Latvia has signed the Criminal Convention on Corruption of the Council of Europe and the United Nations Convention against Corruption. Latvia has expressed interest in joining the OECD Convention on Combating Bribery. Under Latvian law, it is a crime to offer or to accept a bribe or to facilitate an act of bribery. Although the law stipulates heavy penalties for bribery, there have so far been only a limited number of government officials prosecuted and convicted for corruption.

The primary institution responsible for combating corruption is an independent anti-corruption agency -- the Anti-Corruption Bureau (known by its Latvian acronym KNAB) -- whose task is to carry out operational activities on fighting incidents of corruption. KNAB has recently experienced internal personnel controversies that have limited its effectiveness. A new KNAB director took office in November. The Crime Prevention Council chaired by the Prime Minister is in charge of coordinating and supervising all State authorities activities to prevent crime and corruption. The Prosecutor General's Office also plays an important role in fighting corruption.

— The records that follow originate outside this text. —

lemma integral_MA_C2_bounded:
  assumes W: "open W" and \<phi>: "test_function W \<phi>" "\<And>x. 0 \<le> \<phi> x"
  obtains C where "\<And>w w'. C2_COPSH_bounded W M w \<Longrightarrow> C2_COPSH_bounded W M w' \<Longrightarrow>
    (\<integral>x. \<phi> x \<partial>MA W w w') \<le> C"
proof -
  let ?I = "\<lambda>w w'. \<integral>x. \<phi> x \<partial>MA W w w'"
  have "\<exists>C. \<forall>w w'. C2_COPSH_bounded W M w \<and> C2_COPSH_bounded W M w' \<longrightarrow> ?I w w' \<le> C"
  proof (rule ccontr)
    assume "\<nexists>C. \<forall>w w'. C2_COPSH_bounded W M w \<and> C2_COPSH_bounded W M w' \<longrightarrow> ?I w w' \<le> C"
    then have "\<forall>n::nat. \<exists>w w'. C2_COPSH_bounded W M w \<and> C2_COPSH_bounded W M w' \<and>
        (real n + 1) ^ 3 < ?I w w'"
      by (meson not_le)
    then obtain w w' where w: "\<And>n. C2_COPSH_bounded W M (w n)"
      and w': "\<And>n. C2_COPSH_bounded W M (w' n)" and big: "\<And>n. (real n + 1) ^ 3 < ?I (w n) (w' n)"
      by metis
    define t where "t n = 1 / (real n + 1)" for n :: nat
    have t: "0 \<le> t n" "t \<longlonglongrightarrow> 0" for n
      unfolding t_def using LIMSEQ_inverse_real_of_nat by (auto simp: inverse_eq_divide add.commute)
    let ?J = "\<lambda>n. ?I (\<lambda>x. t n * w n x) (\<lambda>x. t n * w' n x)"
    have "real n + 1 < ?J n" for n
    proof -
      have "real n + 1 = (t n)\<^sup>2 * (real n + 1) ^ 3"
        by (simp add: t_def power2_eq_square power3_eq_cube)
      also have "\<dots> < (t n)\<^sup>2 * ?I (w n) (w' n)"
        using big[of n] by (simp add: t_def)
      also have "\<dots> = ?J n"
        using w[of n] w'[of n] t(1)
        by (intro integral_MA_cmult_C2[OF W _ _ _ _ \<phi>, symmetric]) (auto simp: C2_COPSH_bounded_def)
      finally show ?thesis .
    qed
    moreover have "Bseq ?J"
      by (intro convergent_imp_Bseq convergent_integral_MA_rescaled[OF W \<phi>(1) w w' t])
    then obtain B where "\<And>n. norm (?J n) \<le> B"
      unfolding Bseq_def by blast
    moreover obtain n :: nat where "B < real n"
      using reals_Archimedean2 by blast
    ultimately show False
      by (smt (verit) real_norm_def)
  qed
  then show thesis
    using that by blast
qed

lemma integral_MA_le_C2_bound:
  assumes W: "open W" and \<phi>: "test_function W \<phi>"
    and Q: "compact Q" "Q \<subseteq> \<Omega>" and \<delta>: "0 < \<delta>" and margin: "\<And>x. x \<in> W \<Longrightarrow> cball x \<delta> \<subseteq> Q"
    and M: "0 \<le> M"
    and C: "\<And>w w'. C2_COPSH_bounded W M w \<Longrightarrow> C2_COPSH_bounded W M w' \<Longrightarrow>
      (\<integral>x. \<phi> x \<partial>MA W w w') \<le> C"
    and u: "COPSH \<Omega> u" "\<And>x. x \<in> \<Omega> \<Longrightarrow> \<bar>u x\<bar> \<le> M"
    and v: "COPSH \<Omega> v" "\<And>x. x \<in> \<Omega> \<Longrightarrow> \<bar>v x\<bar> \<le> M"
  shows "(\<integral>x. \<phi> x \<partial>MA W u v) \<le> C"
proof -
  have "W \<subseteq> \<Omega>"
    using margin Q(2) \<delta> by (meson centre_in_cball less_imp_le subset_iff)
  obtain w where w: "\<And>k. C2_COPSH_bounded W M (w k)" "uniform_limit W w u sequentially"
    using C2_COPSH_approximation[OF u M Q \<delta> margin] by blast
  obtain w' where w': "\<And>k. C2_COPSH_bounded W M (w' k)" "uniform_limit W w' v sequentially"
    using C2_COPSH_approximation[OF v M Q \<delta> margin] by blast
  have "(\<lambda>k. \<integral>x. \<phi> x \<partial>MA W (w k) (w' k)) \<longlonglongrightarrow> (\<integral>x. \<phi> x \<partial>MA W u v)"
    using w w' COPSH_subset[OF u(1) \<open>W \<subseteq> \<Omega>\<close>] COPSH_subset[OF v(1) \<open>W \<subseteq> \<Omega>\<close>]
    by (intro integral_MA_tendsto[OF W _ _ _ _ _ _ \<phi>]) (auto simp: C2_COPSH_bounded_def)
  then show ?thesis
    using C w(1) w'(1) by (intro LIMSEQ_le_const2) auto
qed

end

There was a perceived lack of fairness and transparency in the public procurement process. A number of companies, including foreign companies, have complained that bidding requirements were sometimes written with the assistance of potential contractors or couched in terms that exclude all but "preferred" contractors.

The story of Aivars Lembergs is one of post-independence Latvia's most compelling yet morally troubling tales. To much of his electorate in Ventspils, Lembergs is the brilliant protector of the city's autonomy and the great provider of prosperity. To successive Lavian governments and individual politicians, Lembergs' economic and political patronage network is a force to either co-opt, plug into, or fight ) but definitely not to ignore. Aivars Lembergs is energetic, clever and confident. He styles himself a master of the universe in dealing with Russian elites, but many say Russia's leading oil businessmen are tired of 'the little tyrant from Ventspils."

Mainly due to his ownership and control of Mediju Nams, a company that published six newspapers, he has also proven adept at keeping himself in the public eye without revealing, or having others reveal, details of his personal and business life. One of the newspapers, Neatkariga Rita Avize, Lativa's second largest in terms of number of subscribers, serves as Lembergs' mouthpiece by organizing press campaigns against his enemies ) the favorites being the US Embassy, the Soros foundation, and the anti-corruption bureau ) and expounding Lembergs' position on every significant event in Latvia.

In 2006, Ventspils mayor Aivars Lembergs was charged indicted on corruption charges for refusing an order from the Cabinet of Ministers and using office for personal gain. But the charges were not overly serious and no jail time was involved. This case was dropped shortly after charges of money laundering and corruption were brought against him in 2007.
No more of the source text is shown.